Why it matters: This tiny hint acts like a universal adapter that hides sensor quirks and camera biases from the main learning. 🍞 Anchor: From 2,000–40,000 sparse points (about 1%) and one photo, the model paints a full, meter-true depth map.

🍞 Hook: If you can solve puzzles from many different puzzle brands, you learn the picture, not the cardboard.

🥬 The Concept (Decoupling Spatial Reasoning from Sensor Bias): The prompt is the standard doorway for all sensors, so the backbone learns geometry, not device weirdness.

How it works: (1) Convert many sources to sparse prompts, (2) a single conditioning head reads them, (3) the shared backbone focuses on structure and scale.
Why it matters: Mixing 20M samples across 10k+ cameras becomes helpful instead of harmful. 🍞 Anchor: Whether the hint came from LiDAR, SLAM, or rendering, the backbone treats it the same and learns meters.

🍞 Hook: Practicing with lots of books makes you smarter—if you’re reading the words, not the smudges.

🥬 The Concept (Scaling Laws for Metric Depth): With the right interface (prompts), bigger, more diverse data steadily improves meter-accurate depth.

How it works: (1) Aggregate reconstructed, captured, and rendered data, (2) pretrain with sparse prompts, (3) watch accuracy climb as data grows.
Why it matters: Past works didn’t see clear scaling; this paper shows it is possible for metric depth. 🍞 Anchor: On Middlebury zero-shot, δ1 accuracy rises as training data grows from 2M to 20M pairs.

🍞 Hook: After a coach trains the team with drills, a player can perform alone in a game.

🥬 The Concept (Teacher–Student Distillation): The prompt-trained teacher makes great full-depth labels; a student learns to predict meters from just RGB.

How it works: (1) Teacher densifies noisy prompts into strong pseudo-labels, (2) train a student without prompts, (3) adjust loss and architecture for long distances and sharp details.
Why it matters: You get a fast, practical model that works anywhere without extra inputs. 🍞 Anchor: The student hits state-of-the-art on monocular depth across indoor, outdoor, and even synthetic scenes.

Before vs After:

Before: Task-specific hacks, small curated data, poor transfer; mixing sources often hurt.
After: One simple prompt interface + huge mixed data + distillation = robust meters, many tasks, clear scaling.

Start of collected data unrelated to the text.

lemma bounces_if_orbit_alternates:
  assumes "regular x" "\<forall>k. idx ((T ^^ k) x) = alternating i j k"
  shows "bounces i j x k"
proof -
  have idx_even: "idx ((T ^^ (2 * k)) x) = i" for k
    using assms(2)[rule_format, of "2 * k"] by (simp add: alternating_def)
  have idx_odd: "idx ((T ^^ Suc (2 * k)) x) = j" for k
    using assms(2)[rule_format, of "Suc (2 * k)"] by (simp add: alternating_def)
  have even: "(T ^^ (2 * k)) x = zigzag i j x k" for k
  proof (induction k)
    case 0
    then show ?case by (simp add: zigzag_def)
  next
    case (Suc k)
    have "(T ^^ (2 * Suc k)) x = 2 *\<^sub>R v j - (2 *\<^sub>R v i - (T ^^ (2 * k)) x)"
      using idx_even[of k] idx_odd[of k] by (simp add: ob_map_apply)
    also have "\<dots> = zigzag i j x (Suc k)"
      unfolding Suc.IH by (simp add: zigzag_def algebra_simps)
    finally show ?case .
  qed
  have "(T ^^ (2 * k)) x \<in> strict_region i" "(T ^^ Suc (2 * k)) x \<in> strict_region j"
    using regular_orbit_in_strict_region[OF assms(1), of "2 * k"]
      regular_orbit_in_strict_region[OF assms(1), of "Suc (2 * k)"]
    unfolding idx_even idx_odd by blast+
  moreover have "(T ^^ Suc (2 * k)) x = 2 *\<^sub>R v i - (T ^^ (2 * k)) x"
    using idx_even[of k] by (simp add: ob_map_apply)
  ultimately show ?thesis
    by (simp add: bounces_def even)
qed

lemma not_bounces_forever:
  assumes "i < p" "j < p" "i \<noteq> j"
  shows "\<not> (\<forall>k. bounces i j x k)"
proof
  assume zz: "\<forall>k. bounces i j x k"
  obtain m where m: "m < p" "m \<noteq> i" "m \<noteq> j" "cross (v j - v i) (v m - v i) \<noteq> 0"
    using exists_noncollinear_vertex[OF assms] by blast
  let ?c = "cross (v j - v i) (v m - v i)"
  have "0 \<le> - (2 * ?c)"
  proof (rule nonneg_if_pos_along_nat[of "cross (v i - x) (v m - v i)"], intro allI)
    fix k :: nat
    have "0 < cross (v i - zigzag i j x k) (v m - zigzag i j x k)"
      using zz m unfolding bounces_def strict_region_def by blast
    also have "\<dots> = cross (v i - x) (v m - v i) + real k * - (2 * ?c)"
      by (simp add: zigzag_def cross_def algebra_simps)
    finally show "0 < cross (v i - x) (v m - v i) + real k * - (2 * ?c)" .
  qed
  moreover have "0 \<le> 2 * ?c"
  proof (rule nonneg_if_pos_along_nat[of "cross (v j - 2 *\<^sub>R v i + x) (v m - v j)"], intro allI)
    fix k :: nat
    have "0 < cross (v j - (2 *\<^sub>R v i - zigzag i j x k)) (v m - (2 *\<^sub>R v i - zigzag i j x k))"
      using zz m unfolding bounces_def strict_region_def by blast
    also have "\<dots> = cross (v j - 2 *\<^sub>R v i + x) (v m - v j) + real k * (2 * ?c)"
      by (simp add: zigzag_def cross_def algebra_simps)
    finally show "0 < cross (v j - 2 *\<^sub>R v i + x) (v m - v j) + real k * (2 * ?c)" .
  qed
  ultimately show False
    using m(4) by linarith
qed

Why It Works (intuition): The sparse prompt is a small, trustworthy anchor in a noisy sea. The backbone learns geometry that’s consistent across cameras and sensors, so adding more diverse data teaches more cases instead of confusing the model.

Building Blocks:

Data: ~20M image–depth pairs from reconstruction, sensors, and renders.
Prompt: Randomly sampled valid depth points, regularized into a neat 3-channel input.
Model: ViT encoder with a light conditioned head (no exotic, task-specific designs).
Losses: Robust depth losses for noise and long-range supervision.
Distillation: Convert teacher outputs to broad, high-quality pseudo-labels; train a prompt-free student with an inverse-depth, distance-balanced loss and deeper semantic skip connections.

03Methodology

At a high level: Image + Sparse Metric Prompt → Prompt Preparation + Injection → ViT Backbone + DPT Head → Dense Metric Depth. Then: Teacher’s dense predictions → Pseudo-labels → Train Student (RGB-only) → Prompt-free metric depth.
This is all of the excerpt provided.